Lines of the listing that contain "imports" need to be copied.

* [PROVIDED INFORMATION]

──────────

definition recurrence_poly :: "real \<Rightarrow> real \<Rightarrow> real poly \<Rightarrow> real poly" where
  "recurrence_poly c m p = [:c, 1:] * p + smult m (pCons 0 (pderiv p))"

lemma poly_recurrence_poly:
  "poly (recurrence_poly c m p) x = (c + x) * poly p x + m * x * poly (pderiv p) x"
  by (simp add: recurrence_poly_def algebra_simps)

lemma recurrence_poly_monic:
  assumes "degree p = n" "lead_coeff p = 1"
  shows "coeff (recurrence_poly c m p) (Suc n) = 1" "degree (recurrence_poly c m p) = Suc n"
proof -
  show coeff: "coeff (recurrence_poly c m p) (Suc n) = 1"
    using assms by (simp add: recurrence_poly_def coeff_pderiv coeff_eq_0)
  have "degree (recurrence_poly c m p) \<le> Suc n"
    using assms by (auto simp: recurrence_poly_def coeff_pderiv coeff_pCons coeff_eq_0
        intro!: degree_le split: nat.split)
  then show "degree (recurrence_poly c m p) = Suc n"
    using coeff by (metis le_antisym le_degree zero_neq_one)
qed

lemma recurrence_poly_sign_at_root:
  fixes r :: "nat \<Rightarrow> real"
  assumes m: "m > 0" and r: "strict_mono_on {..<n} r" and i: "i < n" "r i < 0"
  shows "(-1) ^ (n - i) * poly (recurrence_poly c m (\<Prod>j<n. [:-r j, 1:])) (r i) > 0"
proof -
  have "poly (\<Prod>j<n. [:-r j, 1:]) (r i) = 0" using i by (auto simp: poly_prod)
  then have "poly (recurrence_poly c m (\<Prod>j<n. [:-r j, 1:])) (r i) =
      m * r i * (\<Prod>j\<in>{..<n}-{i}. r i - r j)"
    using i by (simp add: poly_recurrence_poly poly_pderiv_prod_linear_at_root)
  moreover have "n - i = Suc (n - Suc i)" using i by simp
  ultimately have "(-1) ^ (n - i) * poly (recurrence_poly c m (\<Prod>j<n. [:-r j, 1:])) (r i) =
      (m * - r i) * ((-1) ^ (n - Suc i) * (\<Prod>j\<in>{..<n}-{i}. r i - r j))"
    by (simp add: algebra_simps)
  also have "\<dots> > 0"
  proof (rule mult_pos_pos)
    show "m * - r i > 0" using m i by (simp add: mult_pos_neg)
  qed (rule sign_prod_root_differences[OF r i(1)])
  finally show ?thesis .
qed

lemma recurrence_poly_neg_roots:
  fixes c m :: real and r :: "nat \<Rightarrow> real"
  assumes c: "c > 0" and m: "m > 0" and r: "strict_mono_on {..<n} r" "\<And>i. i < n \<Longrightarrow> r i < 0"
  obtains s where "strict_mono_on {..<Suc n} s" "\<And>i. i < Suc n \<Longrightarrow> s i < 0"
    "recurrence_poly c m (\<Prod>i<n. [:-r i, 1:]) = (\<Prod>i<Suc n. [:-s i, 1:])"
proof -
  define p where "p = (\<Prod>i<n. [:-r i, 1:])"
  define q where "q = recurrence_poly c m p"
  have "degree p = n" unfolding p_def by (subst degree_prod_sum_eq) auto
  moreover have "lead_coeff p = 1" unfolding p_def by (simp add: lead_coeff_prod)
  ultimately have coeff_q: "coeff q (Suc n) = 1" and deg_q: "degree q = Suc n"
    unfolding q_def by (rule recurrence_poly_monic)+
  obtain L where L: "L < (if n = 0 then 0 else r 0)" "(-1) ^ Suc n * poly q L > 0"
    using poly_sign_at_neg_infinity[of q] coeff_q deg_q by auto
  \<comment> \<open>\<open>q\<close> alternates in sign along \<open>L < r\<^sub>0 < \<dots> < r\<^sub>n\<^sub>-\<^sub>1 < 0\<close>\<close>
  define t where "t k = (if k = 0 then L else if k \<le> n then r (k - 1) else 0)" for k
  have t_less: "t k < t (Suc k)" if "k < Suc n" for k
    using that L(1) r by (auto simp: t_def intro: strict_mono_onD[OF r(1)])
  have sign: "(-1) ^ (Suc n - k) * poly q (t k) > 0" if "k \<le> Suc n" for k
  proof -
    consider "k = 0" | "k = Suc n" | i where "i < n" "k = Suc i"
      using \<open>k \<le> Suc n\<close> by (metis less_Suc_eq_0_disj le_neq_implies_less Suc_less_SucD)
    then show ?thesis
    proof cases
      case 1
      then show ?thesis using L(2) by (simp add: t_def)
    next
      case 2
      have "poly p 0 = (\<Prod>i<n. - r i)" by (simp add: p_def poly_prod)
      also have "\<dots> > 0" using r(2) by (intro prod_pos) auto
      finally show ?thesis using 2 c by (simp add: t_def q_def poly_recurrence_poly)
    next
      case 3
      then show ?thesis
        using recurrence_poly_sign_at_root[OF m r(1) 3(1) r(2)[OF 3(1)], of c]
        by (simp add: t_def q_def p_def)
    qed
  qed
  obtain s where s: "strict_mono_on {..<Suc n} s" "\<And>k. k < Suc n \<Longrightarrow> t k < s k \<and> s k < t (Suc k)"
    "\<And>k. k < Suc n \<Longrightarrow> poly q (s k) = 0"
    using roots_between_sign_changes[of "Suc n" t q] t_less sign by metis
  have "s i < 0" if "i < Suc n" for i
  proof -
    have "t (Suc i) \<le> t (Suc n)"
      by (rule lift_Suc_mono_le_ivl[of "{..<Suc n}" t]) (use that in \<open>auto intro: less_imp_le t_less\<close>)
    then show ?thesis using s(2)[OF that] by (simp add: t_def)
  qed
  moreover have "q = (\<Prod>i<Suc n. [:-s i, 1:])"
    using deg_q coeff_q strict_mono_on_imp_inj_on[OF s(1)] s(3) by (intro poly_eq_prod_roots) auto
  ultimately show ?thesis using that s(1) by (simp add: q_def p_def)
qed

primrec T_poly :: "nat \<Rightarrow> nat \<Rightarrow> nat \<Rightarrow> real poly" where
  "T_poly c m 0 = 1"
| "T_poly c m (Suc n) = recurrence_poly (real c) (real m) (T_poly c m n)"

lemma coeff_T_poly: "coeff (T_poly c m n) k = real (T_num c m n k)"
proof (induction n arbitrary: k)
  case 0
  then show ?case by (simp add: T_num_0 coeff_1)
next
  case (Suc n)
  then show ?case
    by (cases k) (simp_all add: T_num_Suc recurrence_poly_def coeff_pderiv algebra_simps)
qed

lemma poly_T_poly: "poly (T_poly c m n) x = (\<Sum>k\<le>n. real (T_num c m n k) * x ^ k)"
proof -
  have "degree (T_poly c m n) \<le> n" by (rule degree_le) (simp add: coeff_T_poly T_num_eq_0)
  moreover have "n \<le> degree (T_poly c m n)" by (rule le_degree) (simp add: coeff_T_poly T_num_diag)
  ultimately show ?thesis by (simp add: poly_altdef coeff_T_poly)
qed

lemma T_poly_neg_roots:
  assumes "c > 0" "m > 0"
  shows "\<exists>r. strict_mono_on {..<n} r \<and> (\<forall>i<n. r i < 0) \<and> T_poly c m n = (\<Prod>i<n. [:-r i, 1:])"
proof (induction n)
  case 0
  show ?case by simp
next
  case (Suc n)
  then obtain r where "strict_mono_on {..<n} r" "\<forall>i<n. r i < 0" "T_poly c m n = (\<Prod>i<n. [:-r i, 1:])"
    by blast
  then show ?case
    using recurrence_poly_neg_roots[of "real c" "real m" n r] assms by (metis T_poly.simps(2) of_nat_0_less_iff)
qed

theorem theorem2:
  fixes c m n :: nat
  assumes "c > 0" and "m > 0" and "n \<ge> 1"
  shows "\<exists>S :: real set. card S = n \<and> (\<forall>r\<in>S. r < 0 \<and>
           (\<Sum>k\<le>n. real (T_num c m n k) * r ^ k) = 0)"
proof -
  obtain r where r: "strict_mono_on {..<n} r" "\<forall>i<n. r i < 0"
    and T: "T_poly c m n = (\<Prod>i<n. [:-r i, 1:])"
    using T_poly_neg_roots[OF assms(1,2)] by blast
  have "card (r ` {..<n}) = n"
    using strict_mono_on_imp_inj_on[OF r(1)] by (simp add: card_image)
  moreover have "x < 0 \<and> (\<Sum>k\<le>n. real (T_num c m n k) * x ^ k) = 0" if "x \<in> r ` {..<n}" for x
    using that r(2) by (auto simp: poly_T_poly[symmetric] T poly_prod)
  ultimately show ?thesis by blast
qed

end
(* Let $I=[a,b]$ be a compact interval, $r\ge 1$ an integer, $\varphi\in C^r(I,\mathbb{R})$, and put $C_r:=\|\varphi^{(r)}\|_{L^\infty(I)}$. Then there exists a decomposition of the set $\{x\in I:\varphi(x)\neq 0\}$ into pairwise disjoint intervals $I_{\lambda,\iota}$, where $\lambda$ ranges over the set of all positive dyadic numbers $\lambda\le\|\varphi\|_\infty$ and, for each such $\lambda$, $\iota$ ranges over an index set $\mathcal{I}_\lambda$, such that: (i) $|\mathcal{I}_\lambda|\le 10r\big(1+|I|\,C_r^{1/r}\lambda^{-1/r}\big)$ for every such $\lambda$; (ii) for every such $\lambda$, every $\iota\in\mathcal{I}_\lambda$ and every $x\in I_{\lambda,\iota}$ one has $\tfrac12\lambda<|\varphi(x)|<4\lambda$.
   Context: A dyadic number is a number of the form $2^j$, $j\in\mathbb{Z}$. $|I|$ denotes the length of $I$ and $|\mathcal{I}_\lambda|$ the cardinality of the index set. *)

theory Defs
  imports "HOL-Analysis.Analysis"
begin

text \<open>Sup norm of a function on a set (for continuous functions on a compact interval
  this coincides with the L-infinity norm).\<close>
definition sup_norm_on :: "real set \<Rightarrow> (real \<Rightarrow> real) \<Rightarrow> real" where
  "sup_norm_on S g = (SUP x\<in>S. \<bar>g x\<bar>)"

definition dyadic_exps :: "real \<Rightarrow> int set" where
  "dyadic_exps M = {j::int. (2::real) powi j \<le> M}"

end

theory Submission
  imports Defs "HOL-Computational_Algebra.Polynomial"
begin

──────────

* [RESPONSE TO THE TASK]
  imports "HOL-Analysis.Analysis"
  imports Defs "HOL-Computational_Algebra.Polynomial"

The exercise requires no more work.